_BRIEF_
Please take the lines from the one holding "X + 1)) \<le> (2" through the one holding "using assms(3) t(1)" in the data below and copy them exactly.

_Records from a data collection_

lemma exists_padded_config:
  assumes config: "rect_config P R" and "card P \<le> n" "card R \<le> n"
  shows "\<exists>P' R'. rect_config P' R' \<and> card P' = n \<and> card R' = n \<and>
    (\<forall>u v. incidence_adj P' R' u v \<longrightarrow> incidence_adj P R u v) \<and> incidence_edges P R \<le> incidence_edges P' R'"
proof -
  have fin: "finite P" "finite R" and rects: "\<forall>S\<in>R. is_open_rect S"
    using config unfolding rect_config_def by auto
  obtain B where B: "\<And>z. z \<in> P \<union> \<Union>R \<Longrightarrow> fst z < B" using exists_fst_bound[OF config] by blast
  define Q where "Q = pad_point B ` {..<n - card P}"
  define T where "T = pad_rect B ` {..<n - card R}"
  have "P \<inter> Q = {}" using B unfolding Q_def pad_point_def by force
  moreover have "R \<inter> T = {}" using B center_mem_pad_rect fst_gt_if_mem_pad_rect unfolding T_def by fastforce
  ultimately have card: "card (P \<union> Q) = n" "card (R \<union> T) = n"
    using fin assms(2,3) unfolding Q_def T_def
    by (simp_all add: card_Un_disjoint card_image inj_on_subset[OF inj_pad_point]
        inj_on_subset[OF inj_pad_rect])
  have "rect_config (P \<union> Q) (R \<union> T)"
    using fin rects unfolding rect_config_def Q_def T_def pad_rect_def is_open_rect_def by auto
  moreover have "incidence_adj P R u v" if adj: "incidence_adj (P \<union> Q) (R \<union> T) u v" for u v
  proof -
    obtain q S where qS: "q \<in> P \<union> Q" "S \<in> R \<union> T" "q \<in> S"
      and uv: "(u = Inl q \<and> v = Inr S) \<or> (u = Inr S \<and> v = Inl q)"
      using adj by (rule incidence_adjE)
    have "q \<in> P \<and> S \<in> R" by (rule pad_incidence_old[OF B qS[unfolded Q_def T_def]])
    then show ?thesis using uv qS(3) by auto
  qed
  moreover have "incidence_edges P R \<le> incidence_edges (P \<union> Q) (R \<union> T)"
    unfolding incidence_edges_def
    using fin \<open>rect_config (P \<union> Q) (R \<union> T)\<close> unfolding rect_config_def
    by (intro card_mono) (auto intro: finite_subset[of _ "(P \<union> Q) \<times> (R \<union> T)"])
  ultimately show ?thesis using card by blast
qed

section \<open>The iteration\<close>

lemma girth_at_least_few_vertices:
  assumes "finite V" "card V < 3" "\<And>u v. E u v \<Longrightarrow> u \<in> V"
  shows "girth_at_least E g"
  unfolding girth_at_least_def has_cycle_of_length_def
proof (intro allI impI, elim conjE exE)
  fix k vs assume "3 \<le> k" "length vs = k" "distinct vs" and adj: "\<forall>i<k. E (vs ! i) (vs ! ((i + 1) mod k))"
  have "set vs \<subseteq> V"
  proof
    fix x assume "x \<in> set vs"
    then obtain i where "i < k" "x = vs ! i" using \<open>length vs = k\<close> by (auto simp: in_set_conv_nth)
    then show "x \<in> V" using adj assms(3) by blast
  qed
  then have "k \<le> card V" using \<open>distinct vs\<close> \<open>length vs = k\<close> assms(1) distinct_card card_mono by metis
  then show "g \<le> k" using \<open>3 \<le> k\<close> assms(2) by linarith
qed

text \<open>With \<open>k = 2 ^ (d + 3)\<close> and \<open>X = (g - 1) (m + k) ^ (g - 1)\<close>, level \<open>d + 1\<close> uses \<open>k X\<close>
  copies and \<open>2 m X + 1\<close> blocks of degree at most \<open>k\<close>: enough blocks for the greedy
  construction, and few enough that there stay fewer than \<open>(2 - 1 / 2 ^ (d + 1))\<close> times as many
  rectangles as points.\<close>

definition level_copies :: "nat \<Rightarrow> nat \<Rightarrow> nat \<Rightarrow> nat" where
  "level_copies g d m = 2 ^ (d + 3) * ((g - 1) * (m + 2 ^ (d + 3)) ^ (g - 1))"

fun level_size :: "nat \<Rightarrow> nat \<Rightarrow> nat" where
  "level_size g 0 = 1"
| "level_size g (Suc d) = level_copies g d (level_size g d) * level_size g d"

lemma level_size_pos: "2 \<le> g \<Longrightarrow> 0 < level_size g d"
  by (induction d) (auto simp: level_copies_def)

lemma level_size_ge: "2 \<le> g \<Longrightarrow> 2 ^ d \<le> level_size g d"
proof (induction d)
  case (Suc d)
  have "1 \<le> (2::nat) ^ (d + 3)" by simp
  then have "1 \<le> (level_size g d + 2 ^ (d + 3)) ^ (g - 1)" by (intro one_le_power) linarith
  moreover have "1 \<le> g - 1" using Suc.prems by simp
  ultimately have "1 * 1 \<le> (g - 1) * (level_size g d + 2 ^ (d + 3)) ^ (g - 1)"
    by (intro mult_mono) auto
  moreover have "2 \<le> (2::nat) ^ (d + 3)" by (simp add: power_add)
  ultimately have "2 * 1 \<le> level_copies g d (level_size g d)"
    unfolding level_copies_def by (intro mult_mono) auto
  then have "2 * 2 ^ d \<le> level_copies g d (level_size g d) * level_size g d"
    using Suc by (intro mult_mono) auto
  then show ?case by simp
qed simp

lemma level_rects_bound:
  fixes m X r d :: nat
  assumes "1 \<le> m" "1 \<le> X" "real r \<le> (2 - 1 / 2 ^ d) * real m"
  shows "real (2 ^ (d + 3) * X * r + (2 * m * X + 1)) \<le> (2 - 1 / 2 ^ Suc d) * real (2 ^ (d + 3) * X * m)"
proof -
  define t :: real where "t = 2 ^ d"
  have t: "1 \<le> t" "real (2 ^ (d + 3)) = 8 * t" unfolding t_def by (simp_all add: power_add)
  have "1 \<le> real X" "1 \<le> real m" using assms(1,2) by simp_all
  then have "1 * 1 \<le> real X * real m" by (intro mult_mono) auto
  have "real (2 ^ (d + 3) * X * r + (2 * m * X + 1)) = 8 * t * real X * real r + 2 * real m * real X + 1"
    using t(2) by simp
  also have "\<dots> \<le> 8 * t * real X * ((2 - 1 / t) * real m) + 2 * real m * real X + 1"
    using assms(3) t(1) unfolding t_def by (intro add_right_mono mult_left_mono) auto
  also have "\<dots> = 16 * t * real X * real m - 6 * real X * real m + 1"
    using t(1) by (simp add: field_simps)
  also have "\<dots> \<le> (2 - 1 / (2 * t)) * (8 * t * real X * real m)"
    using t(1) \<open>1 * 1 \<le> real X * real m\<close> by (simp add: field_simps)
  also have "\<dots> = (2 - 1 / 2 ^ Suc d) * real (2 ^ (d + 3) * X * m)"
    using t(2) unfolding t_def by simp
  finally show ?thesis .
qed

definition level_config :: "nat \<Rightarrow> nat \<Rightarrow> (real \<times> real) set \<Rightarrow> (real \<times> real) set set \<Rightarrow> bool" where
  "level_config g d P R \<longleftrightarrow> rect_config P R \<and> inj_on fst P \<and> card P = level_size g d \<and>
     real (card R) \<le> (2 - 1 / 2 ^ d) * real (card P) \<and> girth_at_least (incidence_adj P R) g \<and>
     (\<forall>p\<in>P. Suc d \<le> point_degree R p)"

lemma level_config_0: "\<exists>P R. level_config g 0 P R"
proof -
  let ?P = "{(0::real, 0::real)}" and ?R = "{open_rect (-1) (-1) 1 1}"
  have "rect_config ?P ?R" unfolding rect_config_def is_open_rect_def by blast
  moreover have "girth_at_least (incidence_adj ?P ?R) g"
    by (rule girth_at_least_few_vertices[of "{Inl (0, 0), Inr (open_rect (-1) (-1) 1 1)}"])
      (auto simp: card_insert_if incidence_adj_def)
  moreover have "{S\<in>?R. (0, 0) \<in> S} = ?R" by auto
  then have "point_degree ?R (0, 0) = 1" unfolding point_degree_def by simp
  ultimately show ?thesis unfolding level_config_def by (intro exI[of _ ?P] exI[of _ ?R]) auto
qed

lemma level_config_Suc:
  assumes "3 \<le> g" "level_config g d P R"
  shows "\<exists>P' R'. level_config g (Suc d) P' R'"
proof -
  from assms(2) have config: "rect_config P R" and inj: "inj_on fst P"
    and card_P: "card P = level_size g d" and card_R: "real (card R) \<le> (2 - 1 / 2 ^ d) * real (card P)"
    and girth: "girth_at_least (incidence_adj P R) g" and deg: "\<forall>p\<in>P. Suc d \<le> point_degree R p"
    unfolding level_config_def by blast+
  define m where "m = card P"
  define k :: nat where "k = 2 ^ (d + 3)"
  define X where "X = (g - 1) * (m + k) ^ (g - 1)"
  define M where "M = 2 * m * X + 1"
  have "1 \<le> m" using level_size_pos[of g d] assms(1) card_P unfolding m_def by simp
  have "1 \<le> k" unfolding k_def by simp
  then have "1 \<le> (m + k) ^ (g - 1)" by (intro one_le_power) linarith
  then have "1 * 1 \<le> X" unfolding X_def using assms(1) by (intro mult_mono) auto
  then have "1 \<le> X" by simp
  have "k * X * m + k * X \<le> k * X * m + k * X * m" using \<open>1 \<le> m\<close> by simp
  also have "\<dots> < k * M" using \<open>1 \<le> k\<close> unfolding M_def by (simp add: algebra_simps)
  finally have room: "k * X * card P + k * ((g - 1) * (card P + k) ^ (g - 1)) < k * M"
    unfolding m_def X_def .
  have "0 < k * X" using \<open>1 \<le> k\<close> \<open>1 \<le> X\<close> by simp
  obtain P' R' where "rect_config P' R'" "inj_on fst P'" and card_P': "card P' = k * X * m"
    and card_R': "card R' \<le> k * X * card R + M" and "girth_at_least (incidence_adj P' R') g"
    and "\<forall>p\<in>P'. Suc (Suc d) \<le> point_degree R' p"
    using exists_stacked_block_config[OF config inj girth assms(1) deg \<open>1 \<le> k\<close> \<open>0 < k * X\<close> room]
    unfolding m_def by blast
  moreover have "card P' = level_size g (Suc d)"
    using card_P' card_P unfolding m_def k_def X_def by (simp add: level_copies_def)
  moreover have "real (card R') \<le> (2 - 1 / 2 ^ Suc d) * real (card P')"
  proof -
    have "real (card R') \<le> real (k * X * card R + M)" using card_R' by (simp only: of_nat_le_iff)
    also have "\<dots> \<le> (2 - 1 / 2 ^ Suc d) * real (k * X * m)"
      using level_rects_bound[OF \<open>1 \<le> m\<close> \<open>1 \<le> X\<close> card_R[folded m_def]] unfolding k_def M_def .
    finally show ?thesis using card_P' by simp
  qed
  ultimately show ?thesis unfolding level_config_def by blast
qed

lemma exists_level_config: "3 \<le> g \<Longrightarrow> \<exists>P R. level_config g d P R"
  by (induction d) (use level_config_0 level_config_Suc in blast)+

lemma mult_div_bounds:
  fixes a n :: nat
  assumes "0 < a" "a \<le> n"
  shows "n div a * a \<le> n" "n < 2 * (n div a * a)"
proof -
  have "n = n div a * a + n mod a" by simp
  moreover have "n mod a < a" using assms(1) by simp
  moreover have "a \<le> n div a * a" using assms by (simp add: div_greater_zero_iff Suc_le_eq)
  ultimately show "n div a * a \<le> n" "n < 2 * (n div a * a)" by linarith+
qed

lemma incidence_edges_ge:
  assumes "rect_config P R" "\<forall>p\<in>P. \<delta> \<le> point_degree R p"
  shows "\<delta> * card P \<le> incidence_edges P R"
proof -
  have "\<delta> * card P = (\<Sum>p\<in>P. \<delta>)" by simp
  also have "\<dots> \<le> (\<Sum>p\<in>P. point_degree R p)" using assms(2) by (intro sum_mono) auto
  also have "\<dots> = incidence_edges P R"
    using assms(1) incidence_edges_eq_sum_point_degree unfolding rect_config_def by simp
  finally show ?thesis .
qed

_ANSWER_
  shows "real (2 ^ (d + 3) * X * r + (2 * m * X + 1)) \<le> (2 - 1 / 2 ^ Suc d) * real (2 ^ (d + 3) * X * m)"
proof -
  define t :: real where "t = 2 ^ d"
  have t: "1 \<le> t" "real (2 ^ (d + 3)) = 8 * t" unfolding t_def by (simp_all add: power_add)
  have "1 \<le> real X" "1 \<le> real m" using assms(1,2) by simp_all
  then have "1 * 1 \<le> real X * real m" by (intro mult_mono) auto
  have "real (2 ^ (d + 3) * X * r + (2 * m * X + 1)) = 8 * t * real X * real r + 2 * real m * real X + 1"
    using t(2) by simp
  also have "\<dots> \<le> 8 * t * real X * ((2 - 1 / t) * real m) + 2 * real m * real X + 1"
    using assms(3) t(1) unfolding t_def by (intro add_right_mono mult_left_mono) auto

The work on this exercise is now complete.